Humans have always been visual but we’re more visual now than ever before, with our attention span dwindled by smartphones to such an extent that recent studies say even a goldfish can hold a thought for longer than us. May be this is the way the world is changing now and change is the only constant. There you’ve your answer. We started writing short verses. We started sharing them on Instagram on different colors and backgrounds accompanied by illustrations and symbols. We started hearing about and then loving Haikus. Didn’t we? If poetry had elite readers once, it’s more universal now and the social media blamed for making us read less is responsible for that. Now you may ask why the selfie age has affected only poetry. No, it’s not. What kinds of novels are sold the most? All those short, unrefined ones written with the sole intention to be turned into a script! Well, if a commercial movie having a chase, fight, and an item dance isn’t made out of something doesn’t mean the something is dead. Here’s the beauty of poetry being alive; that it hasn’t lost its intention as a form of art. Poets are not writing to make money. They are not put down by the mainstream publishers. They write everywhere they can. They write because they feel something and they want to express it. They write because they love to write. There is so much genuineness in that; the kind any practice of art should possess. Now does that mean those passionate writers who want to become nothing but poets have to starve and die answering their inner call? Does that even mean poetry will be remaining off-shelf forever now? No, certainly not. It’s just taking a different route now. Like many online poets who amassed enough readers from around the globe to grab coveted book deals. They make money winning over the declarations of the death of poetry because it’s socially, culturally and emotionally accessible and appealing. It’s soulful, and soul has no death.
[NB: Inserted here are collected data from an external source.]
lemma act_outside:
  assumes "g \<in> carrier G" "x \<in> D - \<Delta>"
  shows "act g x \<in> D - \<Delta>"
proof
  show "act g x \<in> D"
    using act_closed assms by blast
  have inv_g: "inv\<^bsub>G\<^esub> g \<in> carrier G"
    using group.inv_closed[OF group_G assms(1)] .
  have "act (inv\<^bsub>G\<^esub> g) (act g x) = act (inv\<^bsub>G\<^esub> g \<otimes>\<^bsub>G\<^esub> g) x"
    using act_mult[OF inv_g assms(1)] assms(2) by simp
  also have "\<dots> = x"
    using group.l_inv[OF group_G assms(1)] act_one assms(2) by simp
  finally have "act (inv\<^bsub>G\<^esub> g) (act g x) = x" .
  show "act g x \<notin> \<Delta>"
  proof
    assume "act g x \<in> \<Delta>"
    then have "act (inv\<^bsub>G\<^esub> g) (act g x) \<in> \<Delta>"
      using invariant[OF inv_g] by blast
    with \<open>act (inv\<^bsub>G\<^esub> g) (act g x) = x\<close> assms(2) show False
      by simp
  qed
qed

lemma f_in_\<Delta>'_iff: "x \<in> D \<Longrightarrow> t \<in> {0..1} \<Longrightarrow> f (x, t) \<in> \<Delta>' \<longleftrightarrow> x \<in> \<Delta>"
  using f_notin_\<Delta>'[of x t] collapse[of x t] \<Delta>'_eq by auto

lemma same_fibre:
  assumes "x \<in> D" "t \<in> {0..1}" "x' \<in> D" "t' \<in> {0..1}" "f (x, t) = f (x', t')"
  shows "x = x'" "x \<notin> \<Delta> \<Longrightarrow> t = t'"
proof -
  have iff: "x \<in> \<Delta> \<longleftrightarrow> x' \<in> \<Delta>"
    using assms f_in_\<Delta>'_iff[of x t] f_in_\<Delta>'_iff[of x' t'] by simp
  show "x = x'"
  proof (cases "x \<in> \<Delta>")
    case True
    then have "h x = h x'"
      using assms iff collapse[of x t] collapse[of x' t'] by simp
    then show ?thesis
      using inj_onD[OF inj_h] True iff by blast
  next
    case False
    then show ?thesis
      using inj_onD[OF inj_f assms(5)] assms iff by simp
  qed
  show "t = t'" if "x \<notin> \<Delta>"
    using inj_onD[OF inj_f assms(5)] assms iff that by simp
qed

lemma image_fE:
  assumes "q \<in> D'"
  obtains x t where "x \<in> D" "t \<in> {0..1}" "q = f (x, t)"
  using assms image_f by auto

lemma f_in_D': "x \<in> D \<Longrightarrow> t \<in> {0..1} \<Longrightarrow> f (x, t) \<in> D'"
  using image_f by auto

text \<open>Independent of the chosen preimage by \<open>same_fibre\<close>, since \<open>act g\<close> preserves \<open>\<Delta>\<close>,
  where \<open>f\<close> forgets the \<open>t\<close>-coordinate.\<close>
definition induced_act :: "'g \<Rightarrow> 'b \<Rightarrow> 'b" where
  "induced_act g q = f (act g (fst (inv_into (D \<times> {0..1}) f q)), snd (inv_into (D \<times> {0..1}) f q))"

lemma induced_act_f:
  assumes "g \<in> carrier G" "x \<in> D" "t \<in> {0..1}"
  shows "induced_act g (f (x, t)) = f (act g x, t)"
proof -
  obtain x' t' where xt': "inv_into (D \<times> {0..1}) f (f (x, t)) = (x', t')"
    by fastforce
  have xt'_in: "(x', t') \<in> D \<times> {0..1}"
    using assms xt' by (metis image_eqI inv_into_into mem_Times_iff fst_conv snd_conv)
  have "f (x', t') = f (x, t)"
    using assms xt' by (metis f_inv_into_f image_eqI mem_Times_iff fst_conv snd_conv)
  then have "x' = x" "x \<notin> \<Delta> \<Longrightarrow> t' = t"
    using same_fibre[of x' t' x t] assms xt'_in by auto
  have "induced_act g (f (x, t)) = f (act g x, t')"
    using xt' \<open>x' = x\<close> by (simp add: induced_act_def)
  also have "\<dots> = f (act g x, t)"
  proof (cases "x \<in> \<Delta>")
    case True
    then have "act g x \<in> \<Delta>"
      using invariant[OF assms(1)] by blast
    then show ?thesis
      using collapse xt'_in assms(3) by auto
  next
    case False
    then show ?thesis
      using \<open>x \<notin> \<Delta> \<Longrightarrow> t' = t\<close> by simp
  qed
  finally show ?thesis .
qed

lemma compact_\<Delta>: "compact \<Delta>"
  using compact_Int_closed[OF compact_D closed_\<Delta>] \<Delta>_subset by (simp add: Int_absorb1)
Quality-the inseparable trait of anything living or non-living that makes them desirable. While the quality of other forms of literature sold is in question, you might not forget to ask about the quality of off-shelf poetry too as there’s no screening process involved before they’re put to light unlike in the traditional publishing process, and the internet has not just gathered more readers for poetry but has made more number of people poets than ever before. Of course, there are the good ones, the bad ones and literally everyone. May the good ones make the publishers chase them like they already do. May the bad ones keep on improving and ultimately turn wonderful. May everyone stops chanting poetry is dead as if it’s mandatory.

Well, it’s when you said poetry is dead assuming that a hard copy is the only shape of poetry, that Bob Dylan won the Nobel.